Establishes a written-notice pathway, a 30-day creditor investigation with mandatory collection pauses, and new civil remedies for consumers claiming identity-theft debt.

The Brief

This bill adds a new subtitle to Maryland's Commercial Law defining “identity theft debt” and creating a statutory process for consumers to challenge charges incurred by another person. It lets a consumer send a written notice with supporting evidence to a creditor, requires the creditor to pause collection and complete a timely investigation, and prescribes outcomes depending on the investigation’s result.

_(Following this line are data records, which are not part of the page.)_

theorem lemma4p8:
  fixes \<Delta> :: "nat set set" and n d q :: nat and eps :: "nat set \<Rightarrow> int"
    and deg :: "('k::field KK) pol \<Rightarrow> 'k KK" and F :: "nat set"
  assumes "d \<ge> 2"
    and "homology_manifold TYPE('k) d n \<Delta>"
    and "oriented TYPE('k) d \<Delta> eps"
    and "\<forall>p p'. homog d p \<longrightarrow> homog d p' \<longrightarrow> deg (p + p') = deg p + deg p'"
    and "\<forall>c p. homog d p \<longrightarrow> deg (const_pol c * p) = c * deg p"
    and "\<forall>p. homog d p \<longrightarrow> (deg p = 0 \<longleftrightarrow> in_I TYPE('k) n d \<Delta> p)"
    and "\<forall>G. facet \<Delta> G \<longrightarrow> deg (xG G) = of_int (eps G) / bracket d G"
    and "facet \<Delta> F"
  shows "\<exists>B. finite B \<and> (\<forall>m\<in>B. supp m \<in> \<Delta> \<and> supp m \<inter> F = {} \<and> mdeg m = q) \<and>
    (\<forall>c. gor d deg (\<Sum>m\<in>B. const_pol (c m) * monom m) \<longrightarrow> (\<forall>m\<in>B. c m = 0)) \<and>
    (\<forall>p. homog q p \<longrightarrow> (\<exists>c. gor d deg (p - (\<Sum>m\<in>B. const_pol (c m) * monom m))))"
proof -
  have D: "down_closed \<Delta>" and V: "\<forall>G\<in>\<Delta>. G \<subseteq> {1..n}" and "\<forall>G\<in>\<Delta>. card G \<le> d"
    using assms(2) by (auto simp: homology_manifold_def simplicial_complex_def down_closed_def)
  moreover have "F \<in> \<Delta>"
    using assms(8) by (simp add: facet_def)
  ultimately have F: "finite F" "F \<subseteq> {1..n}" "card F \<le> d"
    using finite_subset[of F "{1..n}"] by auto
  have I_gor: "gor d deg y" if "in_I TYPE('k) n d \<Delta> y" for y
    using gor_of_in_I[OF D _ assms(6) that] assms(1) by simp
  have "span_mod (gor d deg) (monoms_off_face \<Delta> F q) monom p" if "homog q p" for p
    by (rule span_mod_mono[OF I_gor homog_span_mod_I[OF D V F that]])
  then have "\<exists>B\<subseteq>monoms_off_face \<Delta> F q. independent_mod (gor d deg) B monom \<and>
      (\<forall>p. homog q p \<longrightarrow> span_mod (gor d deg) B monom p)"
    by (rule exists_basis_mod[OF pol_subspace_gor[OF assms(4,5)] finite_monoms_off_face[OF V]])
  then obtain B where B: "B \<subseteq> monoms_off_face \<Delta> F q" "independent_mod (gor d deg) B monom"
      "\<forall>p. homog q p \<longrightarrow> span_mod (gor d deg) B monom p"
    by blast
  have "finite B"
    using finite_subset[OF B(1) finite_monoms_off_face[OF V]] .
  moreover have "\<forall>m\<in>B. supp m \<in> \<Delta> \<and> supp m \<inter> F = {} \<and> mdeg m = q"
    using B(1) by (auto simp: monoms_off_face_def)
  ultimately show ?thesis
    using B(2,3) unfolding independent_mod_def span_mod_def by blast
qed

end
lemma not_in_ci_imp_estimate_error:
  fixes zs :: "nat \<Rightarrow> 'z::finite" and r :: "'z \<Rightarrow> real"
  assumes "\<not> in_ci xs ys zs N \<delta> y x (\<Sum>z\<in>UNIV. r z * \<pi> z)"
    and "\<And>z. 0 \<le> r z" "\<And>z. r z \<le> 1"
  shows "(\<exists>z. freq_radius CARD('z) N \<delta> < \<bar>phat zs N z - \<pi> z\<bar>) \<or>
    (\<exists>z k. k \<in> {1..N} \<and> pow2floor (cnt xs zs N x z) = 2 ^ k \<and> 2 ^ k \<le> cnt xs zs N x z \<and>
       dyadic_radius CARD('z) \<delta> k < \<bar>pcheck xs ys zs N y x z - r z\<bar>)"
proof (rule ccontr)
  assume close: "\<not> ?thesis"
  have two: "2 \<le> cnt xs zs N x z" for z
    using assms(1) by (auto simp: in_ci_def not_less)
  have far: "h_est xs zs N \<delta> x < \<bar>m_est xs ys zs N y x - (\<Sum>z\<in>UNIV. r z * \<pi> z)\<bar>"
    using assms(1) by (auto simp: in_ci_def not_less abs_real_def)
  have "\<forall>z. \<exists>k. 1 \<le> k \<and> pow2floor (cnt xs zs N x z) = 2 ^ k \<and> 2 ^ k \<le> cnt xs zs N x z"
    using pow2floor_eq_power[OF two] by blast
  then obtain k where k: "\<And>z. 1 \<le> k z" "\<And>z. pow2floor (cnt xs zs N x z) = 2 ^ k z"
    "\<And>z. 2 ^ k z \<le> cnt xs zs N x z"
    by metis
  have "k z \<le> N" for z
    using less_exp[of "k z"] k(3)[of z] cnt_le[of xs zs N x z] by linarith
  then have "\<bar>pcheck xs ys zs N y x z - r z\<bar> \<le> dyadic_radius CARD('z) \<delta> (k z)" for z
    using close k by (meson atLeastAtMost_iff not_less)
  moreover have "\<bar>phat zs N z - \<pi> z\<bar> \<le> freq_radius CARD('z) N \<delta>" for z
    using close by (meson not_less)
  ultimately have "\<bar>m_est xs ys zs N y x - (\<Sum>z\<in>UNIV. r z * \<pi> z)\<bar> \<le> h_est xs zs N \<delta> x"
    unfolding m_est_def h_est_eq_radii[OF k(2)]
    by (intro abs_sum_mult_diff_le phat_bounds assms(2,3))
  with far show False by linarith
qed

section \<open>The sequential back-door process\<close>

lemma sum_UNIV_triple:
  "(\<Sum>t\<in>UNIV. f t) = (\<Sum>z\<in>UNIV. \<Sum>x\<in>UNIV. \<Sum>y\<in>UNIV. f (x, y, z))"
  for f :: "'x::finite \<times> 'y::finite \<times> 'z::finite \<Rightarrow> 'a::comm_monoid_add"
proof -
  have "(\<Sum>t\<in>UNIV. f t) = (\<Sum>x\<in>UNIV. \<Sum>y\<in>UNIV. \<Sum>z\<in>UNIV. f (x, y, z))"
    by (simp add: UNIV_Times_UNIV[symmetric] sum.cartesian_product del: UNIV_Times_UNIV)
  also have "\<dots> = (\<Sum>x\<in>UNIV. \<Sum>z\<in>UNIV. \<Sum>y\<in>UNIV. f (x, y, z))"
    by (rule sum.cong[OF refl], rule sum.swap)
  also have "\<dots> = (\<Sum>z\<in>UNIV. \<Sum>x\<in>UNIV. \<Sum>y\<in>UNIV. f (x, y, z))"
    by (rule sum.swap)
  finally show ?thesis .
qed

lemma in_ci_cong:
  assumes "obs_prefix xs ys zs N = obs_prefix xs' ys' zs' N"
  shows "in_ci xs ys zs N \<delta> y x p = in_ci xs' ys' zs' N \<delta> y x p"
proof -
  have agree: "\<forall>i\<in>{1..N}. xs i = xs' i \<and> ys i = ys' i \<and> zs i = zs' i"
    using assms by (simp add: obs_prefix_eq_iff)
  have cnt_eq: "cnt xs zs m x' z = cnt xs' zs' m x' z" if "m \<le> N" for m x' z
    unfolding cnt_def using agree that by (intro arg_cong[where f = card]) auto
  have "phat zs N = phat zs' N"
    unfolding phat_def using agree
    by (intro ext arg_cong[where f = card] arg_cong2[where f = "(/)"] refl arg_cong[where f = real])
      auto
  moreover have "pcheck xs ys zs N y x' z = pcheck xs' ys' zs' N y x' z" for x' z
    unfolding pcheck_def cnt_eq[OF order_refl] using agree cnt_eq
    by (intro arg_cong2[where f = "(/)"] refl arg_cong[where f = real] arg_cong[where f = card])
      auto
  ultimately show ?thesis
    unfolding in_ci_def m_est_def h_est_def cnt_eq[OF order_refl] by simp
qed

locale backdoor_process = prob_space M for M :: "'w measure" +
  fixes X :: "nat \<Rightarrow> 'w \<Rightarrow> 'x::finite"
    and Y :: "nat \<Rightarrow> 'w \<Rightarrow> 'y::finite"
    and Z :: "nat \<Rightarrow> 'w \<Rightarrow> 'z::finite"
    and \<pi> :: "'z \<Rightarrow> real"
    and q :: "'y \<Rightarrow> 'x \<Rightarrow> 'z \<Rightarrow> real"
    and N :: nat
  assumes measX: "\<And>n. n \<in> {1..N} \<Longrightarrow> X n \<in> M \<rightarrow>\<^sub>M count_space UNIV"
    and measY: "\<And>n. n \<in> {1..N} \<Longrightarrow> Y n \<in> M \<rightarrow>\<^sub>M count_space UNIV"
    and measZ: "\<And>n. n \<in> {1..N} \<Longrightarrow> Z n \<in> M \<rightarrow>\<^sub>M count_space UNIV"
    and pi_nonneg: "\<And>z. \<pi> z \<ge> 0" and pi_sum: "(\<Sum>z\<in>UNIV. \<pi> z) = 1"
    and q_nonneg: "\<And>y' x z. q y' x z \<ge> 0"
    and q_sum: "\<And>x z. (\<Sum>y'\<in>UNIV. q y' x z) = 1"
    and condZ: "\<And>n hs z. n \<in> {1..N} \<Longrightarrow>
        measure M {\<omega> \<in> space M. map (\<lambda>i. (X i \<omega>, Y i \<omega>, Z i \<omega>)) [1..<n] = hs \<and> Z n \<omega> = z}
        = \<pi> z * measure M {\<omega> \<in> space M. map (\<lambda>i. (X i \<omega>, Y i \<omega>, Z i \<omega>)) [1..<n] = hs}"
    and condY: "\<And>n hs z x y'. n \<in> {1..N} \<Longrightarrow>
        measure M {\<omega> \<in> space M. map (\<lambda>i. (X i \<omega>, Y i \<omega>, Z i \<omega>)) [1..<n] = hs
                                  \<and> Z n \<omega> = z \<and> X n \<omega> = x \<and> Y n \<omega> = y'}
        = q y' x z * measure M {\<omega> \<in> space M. map (\<lambda>i. (X i \<omega>, Y i \<omega>, Z i \<omega>)) [1..<n] = hs
                                  \<and> Z n \<omega> = z \<and> X n \<omega> = x}"
begin
lemma lambda1_tendsto_neg_max:
  assumes L: "0 < L"
  shows "(lambda1 L r1 r3 \<longlongrightarrow> - max r1 r3) (at_right (max r1 r3))"
proof (rule tendsto_sandwich[of "\<lambda>r. - r" _ _ "\<lambda>_. - max r1 r3"])
  have "eventually (\<lambda>r. max r1 r3 < r) (at_right (max r1 r3))"
    by (rule eventually_at_right_less)
  then have "eventually (\<lambda>r. - r \<le> lambda1 L r1 r3 r \<and> lambda1 L r1 r3 r \<le> - max r1 r3)
      (at_right (max r1 r3))"
  proof eventually_elim
    case (elim r)
    then show ?case
      using lambda1_eq_neg_nu1[OF L elim] nu1_bounds(1,2)[OF L elim] by simp
  qed
  then show "eventually (\<lambda>r. - r \<le> lambda1 L r1 r3 r) (at_right (max r1 r3))"
    and "eventually (\<lambda>r. lambda1 L r1 r3 r \<le> - max r1 r3) (at_right (max r1 r3))"
    by (auto elim: eventually_mono)
qed (auto intro!: tendsto_eq_intros)

lemma filterlim_lambda1_at_top:
  assumes L: "0 < L"
  shows "filterlim (lambda1 L r1 r3) at_bot at_top"
proof -
  have "eventually (\<lambda>r. - nu1 L r1 r3 r = lambda1 L r1 r3 r) at_top"
    using eventually_gt_at_top[of "max r1 r3"] by eventually_elim (simp add: lambda1_eq_neg_nu1[OF L])
  moreover have "filterlim (\<lambda>r. - nu1 L r1 r3 r) at_bot at_top"
    using filterlim_nu1_at_top[OF L] filterlim_uminus_at_top by blast
  ultimately show ?thesis
    using filterlim_cong[OF refl refl] by fastforce
qed

lemma secular_at_max_sign:
  assumes "max r1 r3 < r2"
  shows "0 < secular L r1 r3 r2 (max r1 r3) \<longleftrightarrow> Lunder r1 r3 r2 < L"
    and "secular L r1 r3 r2 (max r1 r3) < 0 \<longleftrightarrow> L < Lunder r1 r3 r2"
  using assms by (simp_all add: secular_at_max zero_less_mult_iff mult_less_0_iff less_max_iff_disj)

lemma lambda1_eq_neg_max:
  assumes "0 < L" and "max r1 r3 < r" and "secular L r1 r3 r (max r1 r3) \<le> 0"
  shows "lambda1 L r1 r3 r = - max r1 r3"
  using lambda1_eq_neg_nu1[OF assms(1,2)] assms(3) by (simp add: nu1_def)

lemma lambda1_strict_antimono:
  assumes L: "0 < L" and r: "max r1 r3 < r" "r < r'" and "0 < secular L r1 r3 r (max r1 r3)"
  shows "lambda1 L r1 r3 r' < lambda1 L r1 r3 r"
  using nu1_strict_mono[OF assms] lambda1_eq_neg_nu1[OF L r(1)] lambda1_eq_neg_nu1[OF L, of r1 r3 r'] r
  by simp

lemma secular_at_max_nonpos_upto:
  assumes neg: "\<And>s. max r1 r3 < s \<Longrightarrow> s < b \<Longrightarrow> secular L r1 r3 s (max r1 r3) < 0"
    and r: "r \<in> {max r1 r3<..b}"
  shows "secular L r1 r3 r (max r1 r3) \<le> 0"
proof (cases "r < b")
  case True
  then show ?thesis using neg r by (simp add: less_imp_le)
next
  case False
  then have "r = b" using r by simp
  have "((\<lambda>s. secular L r1 r3 s (max r1 r3)) \<longlongrightarrow> secular L r1 r3 r (max r1 r3)) (at_left r)"
    using isCont_secular_r2[of "max r1 r3" r] r by (simp add: isCont_def filterlim_at_split)
  moreover have "eventually (\<lambda>s. max r1 r3 < s \<and> s < r) (at_left r)"
    using r by (auto simp: eventually_at_left_field intro!: exI[of _ "max r1 r3"])
  then have "eventually (\<lambda>s. secular L r1 r3 s (max r1 r3) \<le> 0) (at_left r)"
    by eventually_elim (use neg \<open>r = b\<close> in \<open>auto intro: less_imp_le\<close>)
  ultimately show ?thesis
    by (rule tendsto_upperbound) simp
qed

theorem proposition4p2:
  fixes r1 r3 L r2bar :: real
  assumes "r1 > 0" and "r3 > 0" and "L > 0"
    and "r2bar \<ge> max r1 r3"
    and "\<forall>r2. r2 > r2bar \<longrightarrow> L > Lunder r1 r3 r2"
    and "\<forall>r2. max r1 r3 < r2 \<and> r2 < r2bar \<longrightarrow> L < Lunder r1 r3 r2"
  shows "continuous_on {max r1 r3<..} (lambda1 L r1 r3)
    \<and> (\<forall>x\<in>{max r1 r3<..r2bar}. \<forall>y\<in>{max r1 r3<..r2bar}. lambda1 L r1 r3 x = lambda1 L r1 r3 y)
    \<and> (\<forall>x\<in>{r2bar<..}. \<forall>y\<in>{r2bar<..}. x < y \<longrightarrow> lambda1 L r1 r3 y < lambda1 L r1 r3 x)
    \<and> (lambda1 L r1 r3 \<longlongrightarrow> - max r1 r3) (at_right (max r1 r3))
    \<and> filterlim (lambda1 L r1 r3) at_bot at_top"
proof -
  note L = \<open>L > 0\<close>
  have above: "0 < secular L r1 r3 r (max r1 r3)" if "r2bar < r" for r
    using secular_at_max_sign(1)[of r1 r3 r L] assms(4,5) that by auto
  have left: "secular L r1 r3 r (max r1 r3) < 0" if "max r1 r3 < r" "r < r2bar" for r
    using secular_at_max_sign(2)[of r1 r3 r L] assms(6) that by auto
  have const: "lambda1 L r1 r3 r = - max r1 r3" if r: "r \<in> {max r1 r3<..r2bar}" for r
    using lambda1_eq_neg_max[OF L _ secular_at_max_nonpos_upto[OF left r]] r by simp
  show ?thesis
  proof (intro conjI ballI impI)
    fix x y
    assume "x \<in> {r2bar<..}" "y \<in> {r2bar<..}" "x < y"
    then show "lambda1 L r1 r3 y < lambda1 L r1 r3 x"
      using lambda1_strict_antimono[OF L _ _ above] assms(4) by simp
  qed (simp_all add: const continuous_on_lambda1[OF L] lambda1_tendsto_neg_max[OF L]
      filterlim_lambda1_at_top[OF L])
qed

end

The statute also creates a private right of action with declaratory and injunctive relief, damages, and fee-shifting; a heightened remedy (double damages) if a creditor knowingly violates the investigation duty; an affirmative defense for consumers who agreed to or benefited from the debt; and a rebuttable presumption where a criminal conviction or plea establishes the theft. The measure adds tolling for limitations periods while collection is barred and preserves a creditor’s ability to pursue the actual perpetrator.

At a Glance

What It Does

The bill authorizes a consumer to send certified written notice with evidence alleging that a debt is identity-theft debt; the creditor must stop collection activity, conduct and conclude a reasonable investigation within 30 days, and then either permanently cease collection or provide the investigatory basis. If unresolved, the consumer can sue (after the 30‑day period) for declaratory relief, injunctions, damages, and fees.

Who It Affects

Creditors (including third‑party collectors and assignees), consumers whose names were used to incur debts, consumer reporting agencies that house disputed tradelines, and Maryland circuit courts that will adjudicate new private-rights claims—plus any entity that contracts for debt collection services.

Why It Matters

This creates a state-level statutory pathway specifically targeted at debts arising from identity theft — rather than relying only on federal tools — shifting operational burdens onto creditors to investigate and correct records quickly and exposing them to monetary liability for failures to comply.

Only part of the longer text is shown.